The Educational Progress of Looked After Children in England: Linking Care and Educational Data
There were 69,540 looked after children in England at 31st March 2015, an increase of 1% compared with 31st March 2014, and of 6% compared with 31st March 2011 (DfE, 2015). Seventy-five per cent of these children and young people were living in foster placements. Children who are, or have been, in care are one of the lowest performing groups in terms of educational outcomes internationally (Flynn, Tessier, & Coulombe, 2013). In England in 2014, data from the Department for Education (2014) showed that at the end of Key Stage 1 (age 7 years), 71% of children in care achieved the expected level in reading; in writing the figure was 61% and in maths, 72%. This compares with 90%, 86% and 92% of all children in those subjects respectively. At the end of Key Stage 2 (age 11 years), the gap widens: 48% of children in care reached the expected academic level in English and mathematics, compared with 79% of all children.
The attainment gap continues to increase as children get older, so that 6% of careexperienced people attend university, compared with just over 50% of young people in the general population (DfE, 2015). Young people transitioning from care also have poorer employment prospects and health outcomes than the general population and are over-represented in the homeless and prison populations. Less is known about the factors that facilitate or limit educational progress for these young people. Little detailed statistical analysis beyond the DfE (2011, 2013) contribution has been undertaken in England to pinpoint the key factors associated with looked after children’s lower attainment although such work is better established in the US and Canada.

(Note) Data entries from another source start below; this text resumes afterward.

lemma sum_pal_completions_pairs:
  "(\<Sum>l\<in>pal_completions p d a. \<Sum>l'\<in>pal_completions p d b. F (two_copies l l')) =
    (\<Sum>L\<in>PiE (UNIV \<times> {1..2*p}) (\<lambda>_. {..<d}).
      if (\<lambda>s. L (True, s)) \<in> pal_completions p d a \<and> (\<lambda>s. L (False, s)) \<in> pal_completions p d b
      then F L else 0)"
proof -
  let ?S = "{1..2*p}" and ?G = "pal_completions p d"
  have "(\<Sum>l\<in>?G a. \<Sum>l'\<in>?G b. F (two_copies l l')) =
      (\<Sum>l\<in>idx ?S d. \<Sum>l'\<in>idx ?S d. if l \<in> ?G a \<and> l' \<in> ?G b then F (two_copies l l') else 0)"
    unfolding sum_filter_pal_completions[symmetric] by (auto intro: sum.cong)
  also have "\<dots> = (\<Sum>(l, l')\<in>idx ?S d \<times> idx ?S d. if l \<in> ?G a \<and> l' \<in> ?G b then F (two_copies l l') else 0)"
    by (rule sum.cartesian_product)
  also have "\<dots> = (\<Sum>L\<in>PiE (UNIV \<times> ?S) (\<lambda>_. {..<d}).
      if (\<lambda>s. L (True, s)) \<in> ?G a \<and> (\<lambda>s. L (False, s)) \<in> ?G b then F L else 0)"
    using sum.reindex_bij_betw[OF bij_betw_two_copies[of ?S "{..<d}"],
        of "\<lambda>L. if (\<lambda>s. L (True, s)) \<in> ?G a \<and> (\<lambda>s. L (False, s)) \<in> ?G b then F L else 0"]
    unfolding idx_def by (simp add: split_def cong: if_cong)
  finally show ?thesis .
qed
lemma no_two_twos_three_ones_three:
  assumes X: "X \<subseteq> level r \<sigma> 2" "card X = 2" and Y: "Y \<subseteq> level r \<sigma> 1" "card Y = 3"
    and t: "t \<in> level r \<sigma> 3"
  shows False
proof -
  obtain al be where X_eq: "X = {al, be}" and "al \<noteq> be"
    using X(2) unfolding card_2_iff by blast
  obtain ga de io where Y_eq: "Y = {ga, de, io}" and "ga \<noteq> de" "de \<noteq> io" "ga \<noteq> io"
    using Y(2) unfolding card_3_iff by blast
  have "{al, be} \<subseteq> level r \<sigma> 2" "{ga, de, io} \<subseteq> level r \<sigma> 1"
    using X(1) Y(1) by (simp_all add: X_eq Y_eq)
  then have range: "{al, be, ga, de, io, t} \<subseteq> {1..r}"
    and vals: "\<sigma> al = 2" "\<sigma> be = 2" "\<sigma> ga = 1" "\<sigma> de = 1" "\<sigma> io = 1" "\<sigma> t = 3"
    using t unfolding level_def by auto
  then have dist: "distinct [al, be, ga, de, io, t]"
    using \<open>al \<noteq> be\<close> \<open>ga \<noteq> de\<close> \<open>de \<noteq> io\<close> \<open>ga \<noteq> io\<close> by auto
  define x where "x = signed_indicator {al} {be}"
  define y where "y = signed_indicator {al, be} {io, t}"
  define z where "z = signed_indicator {ga} {de}"
  define w where "w = signed_indicator {ga, de, io} {t}"
  have "sum \<sigma> {al, be} = sum \<sigma> {io, t}" "sum \<sigma> {ga, de, io} = sum \<sigma> {t}"
    using dist by (simp_all add: vals)
  then have in_L: "x \<in> cm_lattice r \<sigma>" "y \<in> cm_lattice r \<sigma>" "z \<in> cm_lattice r \<sigma>" "w \<in> cm_lattice r \<sigma>"
    unfolding x_def y_def z_def w_def using range
    by (auto intro!: signed_indicator_in_cm_lattice simp: vals)
  have "\<forall>j. even (w j - x j - y j - z j)"
    unfolding x_def y_def z_def w_def signed_indicator_def using dist by auto
  moreover have "\<forall>j\<in>{1..r}. odd (x j + y j) \<longleftrightarrow> j \<in> {t, io}"
    unfolding x_def y_def signed_indicator_def using dist by auto
  moreover have "\<forall>j\<in>{1..r}. odd (x j + z j) \<longleftrightarrow> j \<in> {al, be, ga, de}"
    unfolding x_def z_def signed_indicator_def using dist by auto
  moreover have "\<forall>j\<in>{1..r}. odd (y j + z j) \<longleftrightarrow> j \<in> {al, be, ga, de, io, t}"
    unfolding y_def z_def signed_indicator_def using dist by auto
  ultimately have "odd_support_bound \<sigma> {t, io} + odd_support_bound \<sigma> {al, be, ga, de}
      + odd_support_bound \<sigma> {al, be, ga, de, io, t} \<le> dot r x x + dot r y y + dot r z z + dot r w w"
    using range by (intro odd_support_bounds_le_norms[OF in_L]) auto
  moreover have "dot r x x + dot r y y + dot r z z + dot r w w = 12"
    unfolding x_def y_def z_def w_def using range dist by (simp add: dot_signed_indicator_self)
  moreover have "\<not> balanced \<sigma> {t, io}"
    using dist by (intro not_balanced_insert_dominant) (auto simp: vals)
  then have "odd_support_bound \<sigma> {t, io} = 5"
    using dist unfolding odd_support_bound_def by auto
  moreover have "4 \<le> odd_support_bound \<sigma> {al, be, ga, de}" "6 \<le> odd_support_bound \<sigma> {al, be, ga, de, io, t}"
    using odd_support_bound_ge_card[of "{al, be, ga, de}" \<sigma>]
      odd_support_bound_ge_card[of "{al, be, ga, de, io, t}" \<sigma>] dist by simp_all
  ultimately show False by linarith
qed
(* Let $\mathbf x\in\mathcal D^m$ and $\mathbf q_n(t)=\sum_{i:\,t^n_i\le t}(\mathbf{x}(t^n_{i+1})-\mathbf{x}(t^n_i))(\mathbf{x}(t^n_{i+1})-\mathbf{x}(t^n_i))^T$. Then $(\mathbf q_n)$ converges in $(\mathcal D^{m\times m},d)$ if and only if it converges in the product space $(\mathcal D,d)^{m\times m}$ (i.e. each entry converges in $(\mathcal D,d)$).
   Context: Let $\pi=(\pi_n)_{n\ge1}$ be a sequence of partitions $\pi_n=(t^n_0,\dots,t^n_{k_n})$ with $0=t^n_0<\dots<t^n_{k_n}<\infty$, $t^n_{k_n}\uparrow\infty$, and mesh tending to $0$ on compacts; sums over $i$ run over $0\le i<k_n$. $\mathcal{D}$, $\mathcal{D}^m$, $\mathcal{D}^{m\times m}$ denote the spaces of càdlàg functions $[0,\infty)\to\mathbb{R}$, $\mathbb R^m$, $\mathbb{R}^{m\times m}$, each with a metric $d$ inducing its Skorokhod $J_1$ topology. *)

theory Defs
  imports "HOL-Analysis.Analysis"
begin

text \<open>Cadlag functions on [0,\<infinity>) (values at negative times are irrelevant).\<close>
definition cadlag :: "(real \<Rightarrow> 'a::metric_space) \<Rightarrow> bool" where
  "cadlag f \<longleftrightarrow> (\<forall>s\<ge>0. continuous (at_right s) f) \<and>
                 (\<forall>s>0. \<exists>l. (f \<longlongrightarrow> l) (at_left s))"

definition time_changes :: "(real \<Rightarrow> real) set" where
  "time_changes = {lam. continuous_on {0..} lam \<and> strict_mono_on {0..} lam \<and> lam ` {0..} = {0..}}"

text \<open>Convergence in the Skorokhod J1 topology on D([0,\<infinity>)), via the standard sequential
  characterisation (Ethier--Kurtz, Prop. 3.5.3).\<close>
definition skorokhod_tendsto :: "(nat \<Rightarrow> real \<Rightarrow> 'a::metric_space) \<Rightarrow> (real \<Rightarrow> 'a) \<Rightarrow> bool" where
  "skorokhod_tendsto xs x \<longleftrightarrow> (\<forall>n. cadlag (xs n)) \<and> cadlag x \<and>
     (\<exists>lam. (\<forall>n. lam n \<in> time_changes) \<and>
        (\<forall>T>0. \<forall>e>0. eventually (\<lambda>n. \<forall>s\<in>{0..T}. \<bar>lam n s - s\<bar> \<le> e) sequentially) \<and>
        (\<forall>T>0. \<forall>e>0. eventually (\<lambda>n. \<forall>s\<in>{0..T}. dist (xs n (lam n s)) (x s) \<le> e) sequentially))"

In this context, funded by the Nuffield Foundation, the Rees Centre, University of Oxford and School for Policy Studies and Graduate School of Education at the University of Bristol collaborated on this study to identify key care and educational factors that are associated with the progress of children in care from the end of KS2 to the end of KS4 and attainment at KS4. The main research questions were:
What are the key factors contributing to the low educational outcomes of children in care in secondary schools in England?
How does linking care and educational data contribute to our understanding of how to improve their attainment and progress?